TASK ITEM: Below are the entries; return every line among them that holds the word "bool".

INFORMATION SUPPLIED:
..............................
definition ideal_geo_hash :: "'k measure \<Rightarrow> ('k \<Rightarrow> 'id \<Rightarrow> nat) \<Rightarrow> real \<Rightarrow> bool" where
  "ideal_geo_hash K H \<gamma> \<longleftrightarrow>
     prob_space K \<and>
     (\<forall>x n. {\<zeta> \<in> space K. H \<zeta> x = n} \<in> sets K) \<and>
     (\<forall>S f. finite S \<longrightarrow>
        measure K {\<zeta> \<in> space K. \<forall>x\<in>S. H \<zeta> x = f x} = (\<Prod>x\<in>S. pmf (geom_pos \<gamma>) (f x)))"

definition n_p :: "real \<Rightarrow> nat" where
  "n_p \<epsilon>' = nat \<lceil>1 / (exp \<epsilon>' - 1)\<rceil>"

definition alpha_min :: "real \<Rightarrow> real \<Rightarrow> nat" where
  "alpha_min \<gamma> \<epsilon>' = nat \<lceil>log (1 + \<gamma>) (1 / (1 - exp (- \<epsilon>')))\<rceil>"

definition alpha_p_pmf :: "real \<Rightarrow> real \<Rightarrow> nat pmf" where
  "alpha_p_pmf \<epsilon>' \<gamma> =
     map_pmf (\<lambda>Y. Max (Y ` {..<n_p \<epsilon>'})) (Pi_pmf {..<n_p \<epsilon>'} 0 (\<lambda>_. geom_pos \<gamma>))"

text \<open>DPFM on id set Ms, given key zeta and the already drawn alpha_p
  (alpha_real over an empty set is taken as 0, which is dominated by alpha_min \<ge> 1).\<close>
definition DPFM :: "('k \<Rightarrow> 'id \<Rightarrow> nat) \<Rightarrow> 'id set \<Rightarrow> real \<Rightarrow> real \<Rightarrow> 'k \<Rightarrow> nat \<Rightarrow> nat" where
  "DPFM H Ms \<epsilon>' \<gamma> \<zeta> \<alpha>p = max (max \<alpha>p (Max (insert 0 (H \<zeta> ` Ms)))) (alpha_min \<gamma> \<epsilon>')"

definition nearest :: "(nat \<Rightarrow> 'a::euclidean_space) \<Rightarrow> nat \<Rightarrow> 'a \<Rightarrow> nat" where
  "nearest c k' x = (LEAST a. a < k' \<and> (\<forall>j<k'. (norm (x - c a))\<^sup>2 \<le> (norm (x - c j))\<^sup>2))"

definition part_set :: "('id \<rightharpoonup> 'a::euclidean_space) \<Rightarrow> (nat \<Rightarrow> 'a) \<Rightarrow> nat \<Rightarrow> nat \<Rightarrow> 'id set" where
  "part_set X c k' a = {i \<in> dom X. nearest c k' (the (X i)) = a}"

definition DPFMPS_row :: "'k measure \<Rightarrow> ('k \<Rightarrow> 'id \<Rightarrow> nat) \<Rightarrow> real \<Rightarrow> real \<Rightarrow>
    (nat \<Rightarrow> 'a::euclidean_space) \<Rightarrow> nat \<Rightarrow> ('id \<rightharpoonup> 'a) \<Rightarrow> nat list measure" where
  "DPFMPS_row K H \<gamma> \<epsilon>' c k' X =
     distr (K \<Otimes>\<^sub>M measure_pmf (Pi_pmf {..<k'} 0 (\<lambda>_. alpha_p_pmf \<epsilon>' \<gamma>))) (count_space UNIV)
       (\<lambda>(\<zeta>, A). map (\<lambda>a. DPFM H (part_set X c k' a) \<epsilon>' \<gamma> \<zeta> (A a)) [0..<k'])"

definition eps_prime :: "real \<Rightarrow> real \<Rightarrow> nat \<Rightarrow> real" where
  "eps_prime \<epsilon>2 \<delta>2 M = \<epsilon>2 / (4 * sqrt (real M * ln (1 / \<delta>2)))"

definition neighbours :: "('id \<rightharpoonup> 'r) \<Rightarrow> ('id \<rightharpoonup> 'r) \<Rightarrow> bool" where
  "neighbours X X' \<longleftrightarrow> (\<exists>i r. (i \<notin> dom X \<and> X' = X(i \<mapsto> r)) \<or> (i \<notin> dom X' \<and> X = X'(i \<mapsto> r)))"

definition eps_DP :: "(('id \<rightharpoonup> 'r) \<Rightarrow> 'o measure) \<Rightarrow> real \<Rightarrow> bool" where
  "eps_DP A \<epsilon> \<longleftrightarrow> (\<forall>X X' S. finite (dom X) \<and> finite (dom X') \<and> neighbours X X' \<longrightarrow>
       measure (A X) S \<le> exp \<epsilon> * measure (A X') S)"

end

theory Submission
  imports Defs
begin

(* Fix neighbouring datasets X and X(u \<mapsto> r) and let a be the partition of r. As the key is
   uniform and unknown, the hash values of the finitely many users are i.i.d. geometric, so both
   rows are the same mixture, over the hash values of the other users and the noise of the other
   partitions, of a kernel that changes only entry a: that entry is max(\<alpha>p, m) for X and
   max(\<alpha>p, W, m) for X(u \<mapsto> r), where W is the hash of u and m \<ge> \<alpha>min collects the rest.
   If F is the geometric CDF, \<alpha>p has CDF F^n with n = n_p and max(\<alpha>p, W) has CDF F^(n+1).
   Hence the point masses of max(-, m) differ at most by the factor 1 + 1/n \<le> e^\<epsilon>' in one
   direction and by 1/F(m) \<le> 1/F(\<alpha>min) \<le> e^\<epsilon>' in the other. *)

lemma power_Suc_diff_le:
  fixes s t :: real
  assumes "0 \<le> s" "s \<le> t" "t \<le> 1" "n \<ge> 1"
  shows "t ^ Suc n - s ^ Suc n \<le> (1 + 1 / n) * (t ^ n - s ^ n)"
proof -
  have "real n * s ^ n \<le> (\<Sum>i<n. s ^ (n - Suc i) * t ^ i)"
  proof -
    have "s ^ n \<le> s ^ (n - Suc i) * t ^ i" if "i < n" for i
    proof -
      have "s ^ n \<le> s ^ (n - Suc i + i)"
        using assms that by (intro power_decreasing) auto
      also have "\<dots> \<le> s ^ (n - Suc i) * t ^ i"
        using assms by (simp add: power_add mult_left_mono power_mono)
      finally show ?thesis .
    qed
    then show ?thesis using sum_bounded_below[of "{..<n}" "s ^ n"] by simp
  qed
  then have "real n * s ^ n * (t - s) \<le> t ^ n - s ^ n"
    using assms mult_right_mono by (fastforce simp: power_diff_sumr2[of t n s] mult.commute)
  then have tail: "s ^ n * (t - s) \<le> (t ^ n - s ^ n) / n"
    using assms by (simp add: field_simps)
  have gap: "0 \<le> t ^ n - s ^ n"
    using assms by (simp add: power_mono)
  have "t ^ Suc n - s ^ Suc n = t * (t ^ n - s ^ n) + s ^ n * (t - s)"
    by (simp add: algebra_simps)
  also have "\<dots> \<le> (t ^ n - s ^ n) + (t ^ n - s ^ n) / n"
    using assms gap tail by (intro add_mono mult_left_le_one_le) auto
  also have "\<dots> = (1 + 1 / n) * (t ^ n - s ^ n)"
    by (simp add: distrib_right)
  finally show ?thesis .
qed

lemma power_diff_le_Suc:
  fixes s t :: real
  assumes "0 \<le> s" "s \<le> t"
  shows "t * (t ^ n - s ^ n) \<le> t ^ Suc n - s ^ Suc n"
proof -
  have "t ^ Suc n - s ^ Suc n = t * (t ^ n - s ^ n) + s ^ n * (t - s)"
    by (simp add: algebra_simps)
  moreover have "0 \<le> s ^ n * (t - s)"
    using assms by simp
  ultimately show ?thesis by simp
qed

lemma prob_geometric_pmf_lessThan:
  assumes "0 < p" "p \<le> 1"
  shows "measure_pmf.prob (geometric_pmf p) {..<n} = 1 - (1 - p) ^ n"
proof -
  have "(\<Sum>k<n. (1 - p) ^ k * p) = 1 - (1 - p) ^ n"
    by (induction n) (simp_all add: algebra_simps)
  then show ?thesis
    using assms by (simp add: measure_measure_pmf_finite)
qed

lemma prob_Max_Pi_pmf_atMost:
  fixes p :: "'b::linorder pmf"
  assumes "finite I" "I \<noteq> {}"
  shows "measure_pmf.prob (map_pmf (\<lambda>Y. Max (Y ` I)) (Pi_pmf I d (\<lambda>_. p))) {..v} =
         measure_pmf.prob p {..v} ^ card I"
proof -
  have "Max (Y ` I) \<le> v \<longleftrightarrow> (\<forall>x\<in>I. Y x \<le> v)" for Y
    using assms by (subst Max_le_iff) auto
  then have "(\<lambda>Y. Max (Y ` I)) -` {..v} = Pi I (\<lambda>_. {..v})"
    by (auto simp: Pi_def)
  then show ?thesis
    using assms by (simp add: measure_Pi_pmf_Pi)
qed

lemma prob_max_pair_pmf_atMost:
  fixes p q :: "'b::{linorder,countable} pmf"
  shows "measure_pmf.prob (map_pmf (\<lambda>(a, b). max a b) (pair_pmf p q)) {..v} =
         measure_pmf.prob p {..v} * measure_pmf.prob q {..v}"
proof -
  have "(\<lambda>(a, b). max a b) -` {..v} = {..v} \<times> {..v}"
    by auto
  then show ?thesis
    by (simp add: measure_pmf_prob_product)
qed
..............................
THE ANSWER:
definition ideal_geo_hash :: "'k measure \<Rightarrow> ('k \<Rightarrow> 'id \<Rightarrow> nat) \<Rightarrow> real \<Rightarrow> bool" where
definition neighbours :: "('id \<rightharpoonup> 'r) \<Rightarrow> ('id \<rightharpoonup> 'r) \<Rightarrow> bool" where
definition eps_DP :: "(('id \<rightharpoonup> 'r) \<Rightarrow> 'o measure) \<Rightarrow> real \<Rightarrow> bool" where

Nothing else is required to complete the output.